Now, this plant is not the one we see in commercial smoking cigarettes. It is common knowledge that cigarette tobacco is laced with a long list of chemicals that have addictive and detrimental effects on the body.
Traditional tobacco has a completely different way of being raised, harvested, and utilized. It is cared for like a baby and gently raised. The seeds are placed into an earth blanket with songs and much care while regular feedings of water and visitations take place encouraging it to grow above ground and again be welcomed with song and celebrations. Explanations of why we are growing this medicine being are carefully explained and once mature, apologies are offered for taking its life but explanations of how it will be used and why we are so grateful for its sacrifice are given.
That is one traditional way of using a protocol to access this first medicine given to us. We thank and address the being with clear truthful conversation just as we would a human being. Ideally, we are speaking in our original languages but we do our best with what we have or what we know. It is understood that over time you will learn more.

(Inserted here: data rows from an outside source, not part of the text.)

lemma chain_expert_close:
  assumes gamma_up: "\<gamma> < B" and y: "\<bar>y t\<bar> \<le> B"
    and N: "\<And>k. N k = card (increments k)"
    and enum0: "bij_betw f0 {..<N0} (net 0)"
    and enumk: "\<forall>k\<ge>1. bij_betw (g k) {..<N k} (increments k)" and j: "j < N0"
  shows "\<bar>y t - chain_expert K N \<eta> g f0 x y t j\<bar> \<le> 5 * B"
proof -
  have "\<bar>chain_expert K N \<eta> g f0 x y t j - f0 j (x t)\<bar> \<le> (\<Sum>k=1..K. 3 * \<gamma> / 2 ^ k)"
    using card_increments_pos enumerated_increment_bound[OF enumk] by (intro chain_expert_dev) (auto simp: N)
  also have "\<dots> = 3 * \<gamma> * (1 - (1 / 2) ^ K)"
    by (induction K) (auto simp: field_simps)
  also have "\<dots> \<le> 3 * \<gamma>" using gamma_pos by simp
  also have "\<dots> \<le> 3 * B" using gamma_up by simp
  finally have "\<bar>chain_expert K N \<eta> g f0 x y t j - f0 j (x t)\<bar> \<le> 3 * B" .
  moreover have "\<bar>f0 j (x t)\<bar> \<le> B"
    using bij_betw_apply[OF enum0] j net_subset F_bdd by blast
  ultimately show ?thesis using y by linarith
qed

lemma chaining_forecaster_regret:
  fixes T K N0 :: nat and x :: "nat \<Rightarrow> 'x" and y :: "nat \<Rightarrow> real" and N :: "nat \<Rightarrow> nat"
    and f0 :: "nat \<Rightarrow> 'x \<Rightarrow> real" and g :: "nat \<Rightarrow> nat \<Rightarrow> 'x \<Rightarrow> real" and \<eta> :: "nat \<Rightarrow> real"
  assumes T: "1 \<le> T" and gamma_up: "\<gamma> < B" and y_bdd: "\<forall>t\<in>{1..T}. \<bar>y t\<bar> \<le> B"
    and K: "\<gamma> / 2 ^ K \<le> B / T"
    and N: "\<And>k. N k = card (increments k)"
    and enum0: "bij_betw f0 {..<N0} (net 0)"
    and enumk: "\<forall>k\<ge>1. bij_betw (g k) {..<N k} (increments k)"
    and \<eta>: "\<And>k. \<eta> k = sqrt (2 * ln (real (N k)) / real T) * 2 ^ k / (30 * B * \<gamma>)"
    and f: "f \<in> F"
  shows "(\<Sum>t=1..T. (y t - chain_pred (1 / (50 * B\<^sup>2)) K N0 N \<eta> g f0 x y t)\<^sup>2)
         \<le> (\<Sum>t=1..T. (y t - f (x t))\<^sup>2) + B\<^sup>2 * (5 + 50 * ln (real (covering_number F \<gamma>)))
           + 120 * B * sqrt (real T)
             * (\<Sum>k=1..K. \<gamma> / 2 ^ (k + 1) * sqrt (ln (real (covering_number F (\<gamma> / 2 ^ k)))))"
proof -
  let ?p = "chain_expert K N \<eta> g f0 x y"
  have B: "0 < B" using gamma_pos gamma_up by simp
  have N0: "N0 = covering_number F \<gamma>" and N0_pos: "0 < N0"
    using bij_betw_same_card[OF enum0] nets card_net_pos[of 0] by simp_all
  have dev: "\<bar>y t - ?p t j\<bar> \<le> 5 * B" if "t \<in> {1..T}" "j < N0" for t j
    using that y_bdd by (intro chain_expert_close[OF gamma_up _ N enum0 enumk]) auto
  obtain j0 ik where j0: "j0 < N0" and ik: "\<And>k. k \<in> {1..K} \<Longrightarrow> ik k < N k"
    and chain: "\<And>z. f0 j0 z + (\<Sum>k=1..K. g k (ik k) z) = proj K f z"
    using chain_indices_exist[OF enum0 enumk f] by blast
  define S where "S = (\<Sum>k=1..K. 2 * (5 * B) * (3 * \<gamma> / 2 ^ k) * sqrt (2 * real T * ln (N k)))"
  have "(\<Sum>t=1..T. (y t - chain_pred (1 / (50 * B\<^sup>2)) K N0 N \<eta> g f0 x y t)\<^sup>2)
      \<le> (\<Sum>t=1..T. (y t - ?p t j0)\<^sup>2) + ln N0 / (1 / (50 * B\<^sup>2))"
    using B by (intro chain_pred_regret[OF N0_pos _ _ dev j0]) (simp_all add: power2_eq_square)
  moreover have "(\<Sum>t=1..T. (y t - ?p t j0)\<^sup>2) \<le> (\<Sum>t=1..T. (y t - proj K f (x t))\<^sup>2) + S"
    unfolding S_def chain[symmetric]
    using T B gamma_pos card_increments_pos enumerated_increment_bound[OF enumk] dev j0 ik
    by (intro chain_expert_regret) (auto simp: N \<eta> field_simps)
  moreover have "(\<Sum>t=1..T. (y t - proj K f (x t))\<^sup>2) \<le> (\<Sum>t=1..T. (y t - f (x t))\<^sup>2) + T * (4 * B * (B / T))"
  proof (rule sum_square_loss_le_of_close)
    have "proj K f \<in> F" using net_subset proj_in_net[OF f] by blast
    then show "\<bar>y t\<bar> \<le> B \<and> \<bar>f (x t)\<bar> \<le> B \<and> \<bar>proj K f (x t)\<bar> \<le> B" if "t \<in> {1..T}" for t
      using y_bdd F_bdd f that by blast
    show "\<bar>f (x t) - proj K f (x t)\<bar> \<le> B / T" for t
      using proj_dist[OF f] K by (rule order_trans)
  qed
  moreover have "S \<le> 120 * B * sqrt (real T)
      * (\<Sum>k=1..K. \<gamma> / 2 ^ (k + 1) * sqrt (ln (real (covering_number F (\<gamma> / 2 ^ k)))))"
    unfolding S_def sum_distrib_left N
    using sqrt_ln_card_increments_le B gamma_pos
    by (intro sum_mono) (auto simp: field_simps intro: order_trans[OF mult_left_mono])
  moreover have "T * (4 * B * (B / T)) \<le> 5 * B\<^sup>2" using T by (simp add: power2_eq_square)
  ultimately show ?thesis by (simp add: N0 algebra_simps)
qed

end

theorem theorem2:
  fixes F :: "('x \<Rightarrow> real) set" and B \<gamma> :: real and T :: nat
    and x :: "nat \<Rightarrow> 'x" and y :: "nat \<Rightarrow> real"
    and net :: "nat \<Rightarrow> ('x \<Rightarrow> real) set"
    and proj :: "nat \<Rightarrow> ('x \<Rightarrow> real) \<Rightarrow> ('x \<Rightarrow> real)"
    and f0 :: "nat \<Rightarrow> 'x \<Rightarrow> real" and g :: "nat \<Rightarrow> nat \<Rightarrow> 'x \<Rightarrow> real"
  defines "Gk \<equiv> (\<lambda>k. (\<lambda>f z. proj k f z - proj (k - 1) f z) ` F)"
  defines "K \<equiv> nat \<lceil>log 2 (\<gamma> * real T / B)\<rceil>"
  defines "N0 \<equiv> card (net 0)"
  defines "N \<equiv> (\<lambda>k. card (Gk k))"
  defines "\<eta>0 \<equiv> 1 / (50 * B\<^sup>2)"
  defines "\<eta> \<equiv> (\<lambda>k. sqrt (2 * ln (real (N k)) / real T) * 2 ^ k / (30 * B * \<gamma>))"
  assumes B_pos: "B > 0" and T_ge: "T \<ge> 1"
    and gamma_low: "B / real T < \<gamma>" and gamma_up: "\<gamma> < B"
    and F_ne: "F \<noteq> {}"
    and F_bdd: "\<forall>f\<in>F. \<forall>z. \<bar>f z\<bar> \<le> B"
    and F_tb: "totally_bounded_sup F"
    and y_bdd: "\<forall>t\<in>{1..T}. \<bar>y t\<bar> \<le> B"
    and nets: "\<forall>k. proper_net F (\<gamma> / 2 ^ k) (net k) \<and> finite (net k)
                 \<and> card (net k) = covering_number F (\<gamma> / 2 ^ k)"
    and proj: "\<forall>k. \<forall>f\<in>F. proj k f \<in> net k
                 \<and> (\<forall>h\<in>net k. sup_norm (\<lambda>z. f z - proj k f z) \<le> sup_norm (\<lambda>z. f z - h z))"
    and enum0: "bij_betw f0 {..<N0} (net 0)"
    and enumk: "\<forall>k\<ge>1. bij_betw (g k) {..<N k} (Gk k)"
  shows "ennreal ((\<Sum>t=1..T. (y t - chain_pred \<eta>0 K N0 N \<eta> g f0 x y t)\<^sup>2)
                   - (INF f\<in>F. \<Sum>t=1..T. (y t - f (x t))\<^sup>2))
         \<le> ennreal (B\<^sup>2 * (5 + 50 * ln (real (covering_number F \<gamma>))))
           + ennreal (120 * B * sqrt (real T))
             * (\<integral>\<^sup>+ \<epsilon>\<in>{0..\<gamma>/2}. ennreal (sqrt (ln (real (covering_number F \<epsilon>)))) \<partial>lborel)"
proof -
  define A where "A = B\<^sup>2 * (5 + 50 * ln (real (covering_number F \<gamma>)))"
  define I where "I = (\<Sum>k=1..K. \<gamma> / 2 ^ (k + 1) * sqrt (ln (real (covering_number F (\<gamma> / 2 ^ k)))))"
  have "0 < B / T" using B_pos T_ge by simp
  then have \<gamma>: "0 < \<gamma>" using gamma_low by linarith
  interpret chaining_nets F B \<gamma> net proj
    using \<gamma> F_ne F_bdd F_tb nets proj by unfold_locales
  have Gk: "Gk = increments" by (simp add: Gk_def increments_def fun_eq_iff)
  have K_fine: "\<gamma> / 2 ^ K \<le> B / T"
    using le_two_power_nat_ceiling_log[of "\<gamma> * T / B"] \<gamma> B_pos T_ge
    by (simp add: K_def field_simps)
  have N: "N k = card (increments k)" for k by (simp add: N_def Gk)
  have "ennreal ((\<Sum>t=1..T. (y t - chain_pred \<eta>0 K N0 N \<eta> g f0 x y t)\<^sup>2)
      - (INF f\<in>F. \<Sum>t=1..T. (y t - f (x t))\<^sup>2)) \<le> ennreal (A + 120 * B * sqrt T * I)"
    using chaining_forecaster_regret[OF T_ge gamma_up y_bdd K_fine N enum0 enumk[unfolded Gk],
        where \<eta> = \<eta> and x = x]
    unfolding A_def I_def \<eta>0_def \<eta>_def by (intro ennreal_diff_INF_le[OF F_ne]) (simp add: add.assoc)
  also have "\<dots> = ennreal A + ennreal (120 * B * sqrt T) * ennreal I"
  proof -
    have "0 \<le> A" "0 \<le> I"
      unfolding A_def I_def using ln_of_nat_nonneg \<gamma> by (auto intro!: sum_nonneg)
    then show ?thesis using B_pos by (simp add: ennreal_plus ennreal_mult)
  qed
  also have "\<dots> \<le> ennreal A + ennreal (120 * B * sqrt T)
      * (\<integral>\<^sup>+ \<epsilon>\<in>{0..\<gamma>/2}. ennreal (sqrt (ln (real (covering_number F \<epsilon>)))) \<partial>lborel)"
    unfolding I_def by (intro add_left_mono mult_left_mono dyadic_entropy_sum_le_integral F_tb \<gamma>) simp
  finally show ?thesis unfolding A_def .
qed

end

Once this traditional tobacco is harvested, it is dried and any seeds are carefully gathered for next seasons planting. It is an annual plant that requires annual relationship-building engagement to be available for usage in subsequent years.
I was taught that if you are going to use traditional medicines you also have the responsibility to learn about them including how to grow, interact, store, use and share what you have learned. I am still learning today and feel so grateful for this knowledge and ancestral belief system. I have read about many practices online & in books but also have engaged in conversations with various relatives from other Nations over the years.
The type of growing conditions I have found best is one of lots of sunshine and good well loved soil that is not soggy. I actually sing to my plants which is one of the secrets of a green thumb and start them indoors in early spring ready for transplant outside once all frost possibility has gone and the plant itself is well established. Growing in a planter or right in the earth herself is equally possible. In fact I have seen friends who grow year round in mini greenhouses, on window sills etc.
There are various Latin names for traditional tobacco that I would like to share with you if you might be considering growing some of your own right here in Canada. In terms of types, there are over 70 varieties known around the world and in common usage today across the planet. In Latin, the term nicotiana is used these plants and in Ontario, commonly grown varieties of Traditional tobacco include Nicotiana rustica sometimes called “wild tobacco”.
If you have never grown tobacco or maybe never knew you could maybe you will try it this year. The seeds are tiny like pepper grains and one pod has hundreds of seeds so be sure to harvest the pods at the end of your growing season to share with others and encourage them to develop a heartfelt connection to our sacred medicine “asemaa” tobacco.
I hope this conversation has been helpful in understanding some of the beliefs and practices of the First Peoples of these lands called Turtle Island. Best of luck!